Which lines in the records below include the word "linarith"? Report each of them in full.

(Dataset entries)
+ + +
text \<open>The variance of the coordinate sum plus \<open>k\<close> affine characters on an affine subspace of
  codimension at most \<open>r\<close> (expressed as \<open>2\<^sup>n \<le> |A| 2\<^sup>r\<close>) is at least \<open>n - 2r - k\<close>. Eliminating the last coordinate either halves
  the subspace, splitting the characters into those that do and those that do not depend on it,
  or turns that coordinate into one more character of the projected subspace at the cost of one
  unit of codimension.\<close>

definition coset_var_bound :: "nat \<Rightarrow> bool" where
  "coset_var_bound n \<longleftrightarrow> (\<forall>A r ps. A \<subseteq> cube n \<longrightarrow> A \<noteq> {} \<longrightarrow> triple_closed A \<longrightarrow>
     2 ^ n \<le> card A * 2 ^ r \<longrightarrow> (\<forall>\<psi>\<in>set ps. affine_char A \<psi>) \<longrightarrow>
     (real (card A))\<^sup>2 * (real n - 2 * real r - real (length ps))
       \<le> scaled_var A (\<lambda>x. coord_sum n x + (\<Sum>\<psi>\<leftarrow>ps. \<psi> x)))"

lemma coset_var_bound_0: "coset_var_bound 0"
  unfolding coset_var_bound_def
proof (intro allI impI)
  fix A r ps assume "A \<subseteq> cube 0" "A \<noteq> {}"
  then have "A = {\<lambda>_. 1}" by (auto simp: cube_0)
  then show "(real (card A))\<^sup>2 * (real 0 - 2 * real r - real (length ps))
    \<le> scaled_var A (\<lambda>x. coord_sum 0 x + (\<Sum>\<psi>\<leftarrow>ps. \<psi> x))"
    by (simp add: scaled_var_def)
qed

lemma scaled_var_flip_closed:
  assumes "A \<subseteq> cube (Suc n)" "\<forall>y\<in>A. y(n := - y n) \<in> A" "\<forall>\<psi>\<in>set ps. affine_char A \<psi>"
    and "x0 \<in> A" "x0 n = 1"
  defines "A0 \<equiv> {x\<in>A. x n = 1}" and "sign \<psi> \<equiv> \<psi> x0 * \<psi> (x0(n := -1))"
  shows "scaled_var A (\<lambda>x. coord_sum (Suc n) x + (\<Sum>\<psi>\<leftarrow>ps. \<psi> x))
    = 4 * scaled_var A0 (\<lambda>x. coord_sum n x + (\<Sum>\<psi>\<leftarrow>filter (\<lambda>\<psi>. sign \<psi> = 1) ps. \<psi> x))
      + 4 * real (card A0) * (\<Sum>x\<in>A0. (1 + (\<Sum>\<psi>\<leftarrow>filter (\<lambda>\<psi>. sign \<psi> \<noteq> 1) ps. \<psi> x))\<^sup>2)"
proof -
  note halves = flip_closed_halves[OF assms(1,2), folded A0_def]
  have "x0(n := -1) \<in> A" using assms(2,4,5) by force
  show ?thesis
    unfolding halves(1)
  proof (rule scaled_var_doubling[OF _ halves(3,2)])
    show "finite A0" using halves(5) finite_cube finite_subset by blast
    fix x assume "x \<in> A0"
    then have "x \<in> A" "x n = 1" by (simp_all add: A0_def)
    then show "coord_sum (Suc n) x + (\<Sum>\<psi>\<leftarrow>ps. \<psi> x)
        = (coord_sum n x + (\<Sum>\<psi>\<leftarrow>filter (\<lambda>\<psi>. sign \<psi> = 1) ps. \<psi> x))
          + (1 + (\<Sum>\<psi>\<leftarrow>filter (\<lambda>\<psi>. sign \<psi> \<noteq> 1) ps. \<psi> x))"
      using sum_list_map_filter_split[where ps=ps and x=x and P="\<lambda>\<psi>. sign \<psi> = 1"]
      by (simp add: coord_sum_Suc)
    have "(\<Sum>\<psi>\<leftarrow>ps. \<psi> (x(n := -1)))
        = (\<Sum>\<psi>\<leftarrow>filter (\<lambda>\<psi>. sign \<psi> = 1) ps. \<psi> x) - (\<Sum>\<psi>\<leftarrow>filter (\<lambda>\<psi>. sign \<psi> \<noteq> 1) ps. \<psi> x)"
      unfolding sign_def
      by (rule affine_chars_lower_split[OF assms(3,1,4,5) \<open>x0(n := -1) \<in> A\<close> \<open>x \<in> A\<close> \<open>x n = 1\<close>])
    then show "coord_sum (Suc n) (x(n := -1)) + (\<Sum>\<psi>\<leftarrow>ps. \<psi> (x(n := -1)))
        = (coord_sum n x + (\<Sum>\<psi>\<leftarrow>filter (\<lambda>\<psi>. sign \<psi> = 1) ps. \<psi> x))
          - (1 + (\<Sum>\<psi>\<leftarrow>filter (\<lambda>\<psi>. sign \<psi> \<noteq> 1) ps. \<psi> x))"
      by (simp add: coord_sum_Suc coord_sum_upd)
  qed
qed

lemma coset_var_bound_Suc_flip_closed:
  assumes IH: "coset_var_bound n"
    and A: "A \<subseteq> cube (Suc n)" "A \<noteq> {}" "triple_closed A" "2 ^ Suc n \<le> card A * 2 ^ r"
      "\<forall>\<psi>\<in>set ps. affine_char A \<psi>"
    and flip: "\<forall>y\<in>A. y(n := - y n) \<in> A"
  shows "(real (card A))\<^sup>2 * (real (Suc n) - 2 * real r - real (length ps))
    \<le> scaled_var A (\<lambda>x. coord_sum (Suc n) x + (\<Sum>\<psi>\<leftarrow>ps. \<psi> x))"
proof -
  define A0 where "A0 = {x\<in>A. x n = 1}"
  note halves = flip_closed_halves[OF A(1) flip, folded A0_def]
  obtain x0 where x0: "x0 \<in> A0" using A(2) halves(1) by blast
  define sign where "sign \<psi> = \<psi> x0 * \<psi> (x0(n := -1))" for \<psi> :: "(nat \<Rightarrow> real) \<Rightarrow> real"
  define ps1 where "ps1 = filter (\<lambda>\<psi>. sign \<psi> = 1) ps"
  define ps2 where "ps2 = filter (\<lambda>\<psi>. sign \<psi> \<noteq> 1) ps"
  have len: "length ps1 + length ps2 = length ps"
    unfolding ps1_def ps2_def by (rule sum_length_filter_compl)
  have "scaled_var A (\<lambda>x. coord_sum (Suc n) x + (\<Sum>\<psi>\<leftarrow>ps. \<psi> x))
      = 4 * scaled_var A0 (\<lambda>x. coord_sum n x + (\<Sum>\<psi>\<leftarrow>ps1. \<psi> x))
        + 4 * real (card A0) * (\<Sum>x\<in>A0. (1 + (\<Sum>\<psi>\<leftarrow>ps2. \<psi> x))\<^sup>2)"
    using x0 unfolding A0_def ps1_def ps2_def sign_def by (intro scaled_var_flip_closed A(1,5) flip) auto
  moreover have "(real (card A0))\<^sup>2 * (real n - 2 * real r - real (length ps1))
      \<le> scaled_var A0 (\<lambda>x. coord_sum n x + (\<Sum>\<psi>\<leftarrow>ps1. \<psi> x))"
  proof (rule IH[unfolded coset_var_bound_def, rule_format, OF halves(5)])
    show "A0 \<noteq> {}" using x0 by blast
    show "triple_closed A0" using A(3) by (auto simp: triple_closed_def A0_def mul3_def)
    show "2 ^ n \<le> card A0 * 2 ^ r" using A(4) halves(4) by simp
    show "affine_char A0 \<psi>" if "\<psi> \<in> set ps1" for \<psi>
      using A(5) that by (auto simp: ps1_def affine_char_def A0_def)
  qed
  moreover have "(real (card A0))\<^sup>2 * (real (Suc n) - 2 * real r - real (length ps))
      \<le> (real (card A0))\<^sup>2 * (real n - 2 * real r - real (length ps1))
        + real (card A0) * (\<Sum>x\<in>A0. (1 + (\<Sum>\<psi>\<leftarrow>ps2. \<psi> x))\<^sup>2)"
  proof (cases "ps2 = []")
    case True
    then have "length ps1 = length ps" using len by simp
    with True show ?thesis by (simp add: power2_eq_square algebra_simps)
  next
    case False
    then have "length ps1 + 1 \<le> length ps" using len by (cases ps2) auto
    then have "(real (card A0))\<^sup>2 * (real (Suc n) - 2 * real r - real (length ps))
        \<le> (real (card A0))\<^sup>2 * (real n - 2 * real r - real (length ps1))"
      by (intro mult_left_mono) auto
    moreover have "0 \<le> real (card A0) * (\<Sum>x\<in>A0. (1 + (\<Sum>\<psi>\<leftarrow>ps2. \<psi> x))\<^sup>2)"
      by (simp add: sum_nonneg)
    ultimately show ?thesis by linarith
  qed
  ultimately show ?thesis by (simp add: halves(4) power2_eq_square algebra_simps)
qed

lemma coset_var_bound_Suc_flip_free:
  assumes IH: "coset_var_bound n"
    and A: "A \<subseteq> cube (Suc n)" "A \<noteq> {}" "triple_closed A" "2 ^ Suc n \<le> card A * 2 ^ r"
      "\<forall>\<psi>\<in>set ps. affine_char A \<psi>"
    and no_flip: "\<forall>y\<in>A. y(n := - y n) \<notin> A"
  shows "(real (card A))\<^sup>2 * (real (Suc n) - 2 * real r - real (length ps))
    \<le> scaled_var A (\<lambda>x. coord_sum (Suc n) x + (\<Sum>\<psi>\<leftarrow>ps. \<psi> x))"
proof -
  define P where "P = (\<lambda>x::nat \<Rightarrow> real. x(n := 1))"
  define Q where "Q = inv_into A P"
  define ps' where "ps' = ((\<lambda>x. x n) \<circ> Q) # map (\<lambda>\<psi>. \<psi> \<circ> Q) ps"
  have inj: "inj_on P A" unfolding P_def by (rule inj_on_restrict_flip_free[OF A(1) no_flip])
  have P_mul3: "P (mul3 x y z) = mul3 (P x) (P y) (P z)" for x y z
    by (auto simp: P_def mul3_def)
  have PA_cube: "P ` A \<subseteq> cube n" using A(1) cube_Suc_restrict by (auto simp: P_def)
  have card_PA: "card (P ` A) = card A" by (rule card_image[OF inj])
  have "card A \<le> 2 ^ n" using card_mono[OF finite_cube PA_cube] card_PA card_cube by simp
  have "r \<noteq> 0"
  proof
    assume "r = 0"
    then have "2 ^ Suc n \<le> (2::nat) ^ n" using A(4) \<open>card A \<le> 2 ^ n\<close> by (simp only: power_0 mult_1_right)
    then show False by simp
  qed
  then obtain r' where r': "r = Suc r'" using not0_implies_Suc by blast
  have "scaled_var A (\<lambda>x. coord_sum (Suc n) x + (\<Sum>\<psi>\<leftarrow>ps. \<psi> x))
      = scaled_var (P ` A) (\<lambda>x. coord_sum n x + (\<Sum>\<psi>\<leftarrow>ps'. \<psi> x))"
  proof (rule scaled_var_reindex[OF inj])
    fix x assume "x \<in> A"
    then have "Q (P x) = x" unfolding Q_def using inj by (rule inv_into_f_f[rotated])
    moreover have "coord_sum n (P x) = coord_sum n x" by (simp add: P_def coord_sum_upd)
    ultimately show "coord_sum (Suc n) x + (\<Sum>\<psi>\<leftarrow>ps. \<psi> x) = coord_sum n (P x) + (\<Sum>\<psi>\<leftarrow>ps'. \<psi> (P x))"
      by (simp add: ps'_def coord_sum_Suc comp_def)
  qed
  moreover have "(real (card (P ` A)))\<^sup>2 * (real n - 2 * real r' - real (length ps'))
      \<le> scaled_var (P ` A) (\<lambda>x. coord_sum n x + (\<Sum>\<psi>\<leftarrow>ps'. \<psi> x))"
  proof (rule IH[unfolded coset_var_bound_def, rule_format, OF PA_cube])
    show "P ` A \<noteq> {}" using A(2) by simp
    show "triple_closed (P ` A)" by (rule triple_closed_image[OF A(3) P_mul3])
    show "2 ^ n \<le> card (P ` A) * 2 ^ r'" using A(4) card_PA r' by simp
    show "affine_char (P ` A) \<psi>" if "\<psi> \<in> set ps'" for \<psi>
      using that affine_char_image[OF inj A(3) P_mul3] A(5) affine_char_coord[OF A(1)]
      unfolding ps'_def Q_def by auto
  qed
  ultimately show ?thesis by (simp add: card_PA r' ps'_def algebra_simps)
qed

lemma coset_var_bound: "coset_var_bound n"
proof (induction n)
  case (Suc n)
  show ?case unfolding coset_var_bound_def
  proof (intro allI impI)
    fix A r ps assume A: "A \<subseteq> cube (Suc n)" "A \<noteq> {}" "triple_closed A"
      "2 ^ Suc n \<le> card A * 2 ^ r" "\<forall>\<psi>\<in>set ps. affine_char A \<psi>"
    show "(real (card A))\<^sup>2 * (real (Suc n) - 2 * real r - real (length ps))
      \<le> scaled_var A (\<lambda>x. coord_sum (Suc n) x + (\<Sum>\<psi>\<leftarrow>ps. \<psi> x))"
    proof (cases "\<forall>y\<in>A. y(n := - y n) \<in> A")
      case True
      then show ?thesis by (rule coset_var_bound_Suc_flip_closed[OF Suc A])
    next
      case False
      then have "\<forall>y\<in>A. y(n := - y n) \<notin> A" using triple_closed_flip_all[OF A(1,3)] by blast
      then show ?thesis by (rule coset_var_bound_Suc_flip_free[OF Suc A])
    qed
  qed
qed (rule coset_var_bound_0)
+ + +
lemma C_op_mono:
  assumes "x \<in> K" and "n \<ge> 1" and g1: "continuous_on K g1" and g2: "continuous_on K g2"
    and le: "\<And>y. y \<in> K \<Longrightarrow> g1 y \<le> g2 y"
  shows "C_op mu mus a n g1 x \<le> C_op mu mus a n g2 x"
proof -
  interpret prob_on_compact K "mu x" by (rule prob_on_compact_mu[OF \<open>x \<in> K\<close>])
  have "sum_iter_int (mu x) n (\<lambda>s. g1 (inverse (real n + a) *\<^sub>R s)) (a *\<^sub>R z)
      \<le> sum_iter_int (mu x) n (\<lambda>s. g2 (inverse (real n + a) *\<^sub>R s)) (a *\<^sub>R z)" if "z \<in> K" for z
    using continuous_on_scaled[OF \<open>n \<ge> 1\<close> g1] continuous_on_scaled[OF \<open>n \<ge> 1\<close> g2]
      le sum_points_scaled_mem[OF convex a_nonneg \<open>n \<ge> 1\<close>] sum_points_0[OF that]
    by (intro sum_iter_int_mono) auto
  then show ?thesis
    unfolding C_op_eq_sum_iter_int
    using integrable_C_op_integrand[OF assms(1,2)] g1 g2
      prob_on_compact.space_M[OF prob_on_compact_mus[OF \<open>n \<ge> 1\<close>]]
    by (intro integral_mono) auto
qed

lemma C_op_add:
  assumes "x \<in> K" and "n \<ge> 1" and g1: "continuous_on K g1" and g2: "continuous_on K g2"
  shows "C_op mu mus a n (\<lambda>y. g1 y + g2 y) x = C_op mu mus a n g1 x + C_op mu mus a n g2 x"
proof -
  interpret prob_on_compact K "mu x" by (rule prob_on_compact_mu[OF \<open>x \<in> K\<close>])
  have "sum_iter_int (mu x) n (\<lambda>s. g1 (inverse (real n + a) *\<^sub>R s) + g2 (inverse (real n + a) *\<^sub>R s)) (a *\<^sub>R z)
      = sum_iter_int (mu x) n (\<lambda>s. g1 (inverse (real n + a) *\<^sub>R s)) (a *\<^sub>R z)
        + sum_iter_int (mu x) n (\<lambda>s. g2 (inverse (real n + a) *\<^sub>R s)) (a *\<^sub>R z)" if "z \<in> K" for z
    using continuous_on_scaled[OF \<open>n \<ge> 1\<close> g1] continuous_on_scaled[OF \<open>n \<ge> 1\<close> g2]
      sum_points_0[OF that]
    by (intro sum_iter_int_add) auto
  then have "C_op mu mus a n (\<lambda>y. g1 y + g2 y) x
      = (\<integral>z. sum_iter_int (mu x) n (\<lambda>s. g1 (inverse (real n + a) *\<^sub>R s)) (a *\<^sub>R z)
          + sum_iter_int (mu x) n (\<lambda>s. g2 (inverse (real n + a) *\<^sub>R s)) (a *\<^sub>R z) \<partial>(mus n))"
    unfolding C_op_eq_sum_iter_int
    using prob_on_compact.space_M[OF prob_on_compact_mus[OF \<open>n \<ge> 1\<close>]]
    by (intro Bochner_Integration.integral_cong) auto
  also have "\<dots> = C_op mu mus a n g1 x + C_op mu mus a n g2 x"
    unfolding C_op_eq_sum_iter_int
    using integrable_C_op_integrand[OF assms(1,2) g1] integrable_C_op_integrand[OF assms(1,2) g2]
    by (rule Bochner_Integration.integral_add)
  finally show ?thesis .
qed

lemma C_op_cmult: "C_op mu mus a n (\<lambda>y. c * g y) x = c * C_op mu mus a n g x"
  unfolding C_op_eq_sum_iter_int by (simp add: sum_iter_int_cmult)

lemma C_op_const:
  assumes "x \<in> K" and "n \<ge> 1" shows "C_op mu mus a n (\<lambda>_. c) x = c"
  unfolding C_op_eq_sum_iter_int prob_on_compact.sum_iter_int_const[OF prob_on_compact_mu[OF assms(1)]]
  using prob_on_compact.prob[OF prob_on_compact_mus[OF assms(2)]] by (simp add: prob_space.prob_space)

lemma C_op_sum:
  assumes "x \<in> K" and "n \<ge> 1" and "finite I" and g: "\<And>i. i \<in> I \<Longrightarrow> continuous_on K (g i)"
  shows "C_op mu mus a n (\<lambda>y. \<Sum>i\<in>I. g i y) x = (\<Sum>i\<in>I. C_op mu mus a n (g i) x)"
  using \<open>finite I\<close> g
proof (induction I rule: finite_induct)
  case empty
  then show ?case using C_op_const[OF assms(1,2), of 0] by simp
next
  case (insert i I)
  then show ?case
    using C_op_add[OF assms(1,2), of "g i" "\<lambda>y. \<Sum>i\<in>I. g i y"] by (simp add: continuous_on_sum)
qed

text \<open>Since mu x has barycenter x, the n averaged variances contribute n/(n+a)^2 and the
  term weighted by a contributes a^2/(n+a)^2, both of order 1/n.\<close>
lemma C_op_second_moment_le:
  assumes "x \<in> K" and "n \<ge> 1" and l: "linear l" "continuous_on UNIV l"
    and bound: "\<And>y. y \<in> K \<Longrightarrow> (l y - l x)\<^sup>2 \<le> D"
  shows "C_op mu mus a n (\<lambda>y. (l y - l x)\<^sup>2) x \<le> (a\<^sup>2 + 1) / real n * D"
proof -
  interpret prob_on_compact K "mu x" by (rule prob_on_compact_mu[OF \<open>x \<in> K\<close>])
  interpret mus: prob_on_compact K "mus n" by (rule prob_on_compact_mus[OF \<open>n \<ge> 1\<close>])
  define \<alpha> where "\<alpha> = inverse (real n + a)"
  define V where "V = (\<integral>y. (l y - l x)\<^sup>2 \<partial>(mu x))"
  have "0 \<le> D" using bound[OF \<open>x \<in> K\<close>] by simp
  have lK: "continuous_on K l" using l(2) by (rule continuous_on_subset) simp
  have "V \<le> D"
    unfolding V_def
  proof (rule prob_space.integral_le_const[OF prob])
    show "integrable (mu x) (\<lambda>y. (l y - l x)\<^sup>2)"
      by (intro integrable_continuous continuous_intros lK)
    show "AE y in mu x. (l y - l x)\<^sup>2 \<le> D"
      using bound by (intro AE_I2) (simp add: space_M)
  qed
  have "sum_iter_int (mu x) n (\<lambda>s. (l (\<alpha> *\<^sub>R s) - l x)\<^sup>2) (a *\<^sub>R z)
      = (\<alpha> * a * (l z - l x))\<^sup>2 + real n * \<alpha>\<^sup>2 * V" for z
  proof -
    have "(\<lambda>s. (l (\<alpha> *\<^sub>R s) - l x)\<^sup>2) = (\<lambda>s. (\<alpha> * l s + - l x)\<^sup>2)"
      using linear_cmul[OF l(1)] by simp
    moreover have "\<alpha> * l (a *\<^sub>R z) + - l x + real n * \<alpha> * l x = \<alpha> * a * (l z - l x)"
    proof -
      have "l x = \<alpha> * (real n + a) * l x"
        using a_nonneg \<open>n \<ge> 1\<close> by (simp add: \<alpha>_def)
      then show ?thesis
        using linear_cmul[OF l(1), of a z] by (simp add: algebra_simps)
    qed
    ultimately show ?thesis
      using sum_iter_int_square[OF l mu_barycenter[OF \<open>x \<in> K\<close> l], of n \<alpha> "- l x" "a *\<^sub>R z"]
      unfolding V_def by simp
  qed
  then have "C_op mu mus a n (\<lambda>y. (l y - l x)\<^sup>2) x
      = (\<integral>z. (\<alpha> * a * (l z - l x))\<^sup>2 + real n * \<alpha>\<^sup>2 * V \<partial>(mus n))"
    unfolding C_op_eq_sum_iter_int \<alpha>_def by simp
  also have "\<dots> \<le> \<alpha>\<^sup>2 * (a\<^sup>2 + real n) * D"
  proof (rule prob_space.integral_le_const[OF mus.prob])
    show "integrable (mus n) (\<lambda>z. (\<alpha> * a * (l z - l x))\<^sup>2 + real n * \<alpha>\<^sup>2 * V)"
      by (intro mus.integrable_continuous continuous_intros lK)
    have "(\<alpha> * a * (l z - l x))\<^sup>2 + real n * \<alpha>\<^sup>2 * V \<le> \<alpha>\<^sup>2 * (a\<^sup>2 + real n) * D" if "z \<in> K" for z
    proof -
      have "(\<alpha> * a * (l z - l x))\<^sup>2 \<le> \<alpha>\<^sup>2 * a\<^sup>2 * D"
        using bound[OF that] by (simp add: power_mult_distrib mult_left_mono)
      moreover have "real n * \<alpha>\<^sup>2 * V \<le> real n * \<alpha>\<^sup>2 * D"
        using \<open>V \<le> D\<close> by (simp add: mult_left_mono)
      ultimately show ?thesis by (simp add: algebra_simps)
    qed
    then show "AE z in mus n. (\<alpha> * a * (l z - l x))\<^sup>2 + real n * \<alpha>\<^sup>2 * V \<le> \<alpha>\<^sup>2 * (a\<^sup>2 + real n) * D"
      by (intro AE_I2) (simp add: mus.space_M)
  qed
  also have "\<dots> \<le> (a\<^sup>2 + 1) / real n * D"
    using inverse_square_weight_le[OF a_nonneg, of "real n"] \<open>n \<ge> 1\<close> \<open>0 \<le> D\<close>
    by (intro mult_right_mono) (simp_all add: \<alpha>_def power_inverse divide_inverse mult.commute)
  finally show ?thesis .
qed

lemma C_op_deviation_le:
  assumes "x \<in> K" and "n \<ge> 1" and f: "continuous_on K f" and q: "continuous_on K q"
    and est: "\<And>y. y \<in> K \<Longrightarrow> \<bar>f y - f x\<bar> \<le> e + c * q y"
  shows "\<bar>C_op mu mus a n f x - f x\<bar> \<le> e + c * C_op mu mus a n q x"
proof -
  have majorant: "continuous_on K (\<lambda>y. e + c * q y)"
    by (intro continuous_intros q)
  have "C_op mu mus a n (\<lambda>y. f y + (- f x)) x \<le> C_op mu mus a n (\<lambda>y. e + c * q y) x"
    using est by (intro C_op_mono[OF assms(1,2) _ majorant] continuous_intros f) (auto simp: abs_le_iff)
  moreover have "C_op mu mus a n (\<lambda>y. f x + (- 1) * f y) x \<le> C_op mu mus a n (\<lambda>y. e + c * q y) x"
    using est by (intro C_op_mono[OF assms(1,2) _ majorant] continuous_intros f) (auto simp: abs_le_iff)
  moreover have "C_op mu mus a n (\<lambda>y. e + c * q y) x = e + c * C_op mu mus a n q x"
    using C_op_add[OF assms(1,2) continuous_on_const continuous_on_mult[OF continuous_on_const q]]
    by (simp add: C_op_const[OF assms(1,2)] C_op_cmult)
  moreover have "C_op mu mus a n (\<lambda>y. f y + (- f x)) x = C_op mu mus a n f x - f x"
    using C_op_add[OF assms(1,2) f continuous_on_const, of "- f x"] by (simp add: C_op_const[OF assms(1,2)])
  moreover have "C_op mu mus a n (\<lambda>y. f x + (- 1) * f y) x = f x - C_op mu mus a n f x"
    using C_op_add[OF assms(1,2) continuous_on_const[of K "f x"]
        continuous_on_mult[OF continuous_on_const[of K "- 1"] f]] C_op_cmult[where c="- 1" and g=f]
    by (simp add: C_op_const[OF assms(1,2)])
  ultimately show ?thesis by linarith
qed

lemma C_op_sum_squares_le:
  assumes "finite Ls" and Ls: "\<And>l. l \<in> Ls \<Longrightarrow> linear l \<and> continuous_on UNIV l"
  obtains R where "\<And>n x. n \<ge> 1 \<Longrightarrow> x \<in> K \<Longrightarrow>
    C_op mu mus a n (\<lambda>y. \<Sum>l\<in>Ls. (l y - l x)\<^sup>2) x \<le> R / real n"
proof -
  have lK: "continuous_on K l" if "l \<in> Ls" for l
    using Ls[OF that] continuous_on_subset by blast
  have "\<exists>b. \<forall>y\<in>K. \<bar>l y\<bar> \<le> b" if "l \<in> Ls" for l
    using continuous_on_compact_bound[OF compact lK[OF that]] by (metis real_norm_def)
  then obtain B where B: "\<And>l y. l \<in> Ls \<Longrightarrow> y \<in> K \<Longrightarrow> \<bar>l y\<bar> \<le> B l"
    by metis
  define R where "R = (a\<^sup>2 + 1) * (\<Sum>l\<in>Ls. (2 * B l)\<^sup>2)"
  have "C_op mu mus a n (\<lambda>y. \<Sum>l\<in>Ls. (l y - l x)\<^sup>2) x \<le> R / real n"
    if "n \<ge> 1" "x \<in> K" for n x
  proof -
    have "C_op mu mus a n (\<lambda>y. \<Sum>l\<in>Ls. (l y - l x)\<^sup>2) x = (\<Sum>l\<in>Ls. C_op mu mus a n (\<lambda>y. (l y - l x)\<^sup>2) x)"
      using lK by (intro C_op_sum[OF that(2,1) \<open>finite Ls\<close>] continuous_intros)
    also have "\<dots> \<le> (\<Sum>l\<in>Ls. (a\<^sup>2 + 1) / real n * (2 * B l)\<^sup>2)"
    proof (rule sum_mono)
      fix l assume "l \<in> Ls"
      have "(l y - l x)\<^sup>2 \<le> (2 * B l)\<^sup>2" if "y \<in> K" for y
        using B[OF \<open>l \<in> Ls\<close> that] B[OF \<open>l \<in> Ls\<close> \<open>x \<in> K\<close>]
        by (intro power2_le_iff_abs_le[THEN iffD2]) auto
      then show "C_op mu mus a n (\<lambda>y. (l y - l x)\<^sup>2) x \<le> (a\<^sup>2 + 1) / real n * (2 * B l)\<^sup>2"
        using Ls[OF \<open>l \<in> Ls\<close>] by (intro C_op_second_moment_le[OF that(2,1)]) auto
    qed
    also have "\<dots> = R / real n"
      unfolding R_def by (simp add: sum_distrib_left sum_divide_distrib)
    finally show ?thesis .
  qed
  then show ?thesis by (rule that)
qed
+ + +
__TASK ANSWER__.
    ultimately show ?thesis by linarith
  ultimately show ?thesis by linarith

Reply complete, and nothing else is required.